Jacinto-Henares v. Philippine Plaza Holdings, Inc.

G.R. No. 247662 (Notice)

This is a civil case decided by the Supreme Court of the Philippines on December 10, 2019. The case concerns a petition for certiorari filed by the Commissioner of Internal Revenue (CIR) against the Court of Tax Appeals (CTA) en banc's decision to grant a tax refund to Philippine Plaza Holdings, Inc. (PPHI). The CIR argued that the CTA had no jurisdiction over the case because PPHI failed to exhaust administrative remedies and that PPHI failed to support its request for abatement. However, the Supreme Court found no reversible error in the CTA's decision and affirmed the grant of the tax refund. The Court held that the requirement of exhaustion of administrative remedies is not an absolute rule and that the filing of an administrative claim would have been futile in this case. The Court also found that PPHI was entitled to the refund claim due to a system error in the Electronic Filing and Payment System facility of the Bureau of Internal Revenue, which was beyond PPHI's control. The Court noted that tax refunds should not be subject to technicalities and legalisms, and that the government should not resort to frivolous appeals to keep money that it is not entitled to at the expense of taxpayers.

ADVERTISEMENT

FIRST DIVISION

[G.R. No. 247662. December 10, 2019.]

HON. KIM S. JACINTO-HENARES, COMMISSIONER OF INTERNAL REVENUE, petitioner, vs.PHILIPPINE PLAZA HOLDINGS, INC., respondent.

NOTICE

Sirs/Mesdames :

Please take notice that the Court, First Division, issued a Resolution datedDecember 10, 2019which reads as follows:

"G.R. No. 247662 — HON. KIM S. JACINTO-HENARES, COMMISSIONER OF INTERNAL REVENUE, petitioner, versus PHILIPPINE PLAZA HOLDINGS, INC., respondent.

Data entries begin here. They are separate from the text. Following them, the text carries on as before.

(* Let $d_0 \geq 2$ and $n\ge 6$, and let $\mathcal{H}$ be a $[3]$-graph on $n$ vertices such that every pair $u,v$ of non-adjacent vertices satisfies $d_{\partial \mathcal{H}}(u) + d_{\partial \mathcal{H}}(v) \geq n + d_0$. Suppose $\mathcal{H}$ contains a Hamiltonian Berge path but no Hamiltonian Berge cycle. Then $\mathcal{H}$ contains a Berge cycle of length $n-1$ or $n-2$.
   Context: A $[3]$-graph is a hypergraph in which every edge has at most $3$ vertices. Two distinct vertices are adjacent if some edge contains both; $d_{\partial\mathcal{H}}(u)$ is the number of vertices adjacent to $u$. A Berge path of length $t$ is a sequence of $t$ distinct edges $e_1,\dots,e_t$ and $t+1$ distinct vertices $v_1,\dots,v_{t+1}$ with $\{v_i,v_{i+1}\}\subseteq e_i$ for all $i$; it is Hamiltonian if $\{v_1,\dots,v_{t+1}\}=V(\mathcal{H})$. A Berge cycle of length $t$ is a collection of $t$ distinct edges $e_1,\dots,e_t$ and $t$ distinct vertices $v_1,\dots,v_t$ with $\{v_i,v_{i+1}\}\subseteq e_i$ for all $i\in[t]$, where $v_{t+1}=v_1$; it is Hamiltonian if it has length $n$. *)

theory Defs
  imports Main
begin

definition is_3graph :: "'a set \<Rightarrow> 'a set set \<Rightarrow> bool" where
  "is_3graph V E \<longleftrightarrow> finite V \<and> (\<forall>e\<in>E. e \<subseteq> V \<and> card e \<le> 3)"

definition hadj :: "'a set set \<Rightarrow> 'a \<Rightarrow> 'a \<Rightarrow> bool" where
  "hadj E u v \<longleftrightarrow> u \<noteq> v \<and> (\<exists>e\<in>E. {u, v} \<subseteq> e)"

definition shadow_deg :: "'a set \<Rightarrow> 'a set set \<Rightarrow> 'a \<Rightarrow> nat" where
  "shadow_deg V E u = card {v \<in> V. hadj E u v}"

definition berge_path :: "'a set \<Rightarrow> 'a set set \<Rightarrow> 'a set list \<Rightarrow> 'a list \<Rightarrow> bool" where
  "berge_path V E es vs \<longleftrightarrow>
     length vs = length es + 1 \<and> distinct es \<and> distinct vs \<and>
     set es \<subseteq> E \<and> set vs \<subseteq> V \<and>
     (\<forall>i < length es. {vs ! i, vs ! (i + 1)} \<subseteq> es ! i)"

definition ham_berge_path :: "'a set \<Rightarrow> 'a set set \<Rightarrow> bool" where
  "ham_berge_path V E \<longleftrightarrow> (\<exists>es vs. berge_path V E es vs \<and> set vs = V)"

definition berge_cycle :: "'a set \<Rightarrow> 'a set set \<Rightarrow> nat \<Rightarrow> 'a set list \<Rightarrow> 'a list \<Rightarrow> bool" where
  "berge_cycle V E t es vs \<longleftrightarrow>
     length es = t \<and> length vs = t \<and> distinct es \<and> distinct vs \<and>
     set es \<subseteq> E \<and> set vs \<subseteq> V \<and>
     (\<forall>i < t. {vs ! i, vs ! ((i + 1) mod t)} \<subseteq> es ! i)"

definition has_berge_cycle :: "'a set \<Rightarrow> 'a set set \<Rightarrow> nat \<Rightarrow> bool" where
  "has_berge_cycle V E t \<longleftrightarrow> (\<exists>es vs. berge_cycle V E t es vs)"

end

theory Submission
  imports Defs
begin

(* Let v_0 ... v_(n-1) be a Hamiltonian Berge path with edges e_0 ... e_(n-2).  As edges have
   at most three vertices, e_j contains at most one vertex besides v_j and v_(j+1).
   If v_0 and v_(n-1) share an edge f, then f is a path edge (else the path closes to a
   Hamiltonian cycle), hence f = e_0 or f = e_(n-2), and f closes the path minus one end into a
   cycle of length n - 1.
   Otherwise the degree condition gives at least three indices i with v_0 ~ v_(i+1) and
   v_(n-1) ~ v_i, and e_0, e_(n-2) spoil at most one of them each.  For the remaining i the
   edges f through v_0, v_(i+1) and g through v_(n-1), v_i can only be path edges at v_(i+1)
   resp. v_i; skipping at most one vertex at each side yields the cycle
   v_0 ... v_a, g, v_(n-1) ... v_b, f of length n, n - 1 or n - 2, and n is excluded. *)

lemma hadj_irrefl: "\<not> hadj E u u"
  unfolding hadj_def by simp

After a judicious review of the submission of the parties, the Court RESOLVES TO DENY the certiorari petition 1 for failure of the petitioner Commissioner of Internal Revenue (CIR) to show that the Court of Tax Appeals en banc (CTA EB) committed a reversible error in the assailed Decision 2 dated August 3, 2018 and Resolution 3 dated June 10, 2019, which affirmed the CTA Division's finding that respondent Philippine Plaza Holdings, Inc. (PPHI) is entitled to a refund in the amount of P807,951.22.

In the present petition, the CIR insists that (1) the CTA Division has no jurisdiction to take cognizance of the Amended Petition because PPHI failed to exhaust administrative remedies; and (2) even assuming that the CTA EB has jurisdiction, PPHI failed to support its request for abatement under Revenue Regulations (RR) No. 13-2001. 4

The Petition lacks merit.

The CTA EB correctly ruled that, under the circumstances of the case, an administrative claim for refund is not necessary before the CTA Division may take cognizance of PPHI's Amended Petition for Review claiming for a refund of the erroneously paid Value-Added Tax (VAT) surcharge.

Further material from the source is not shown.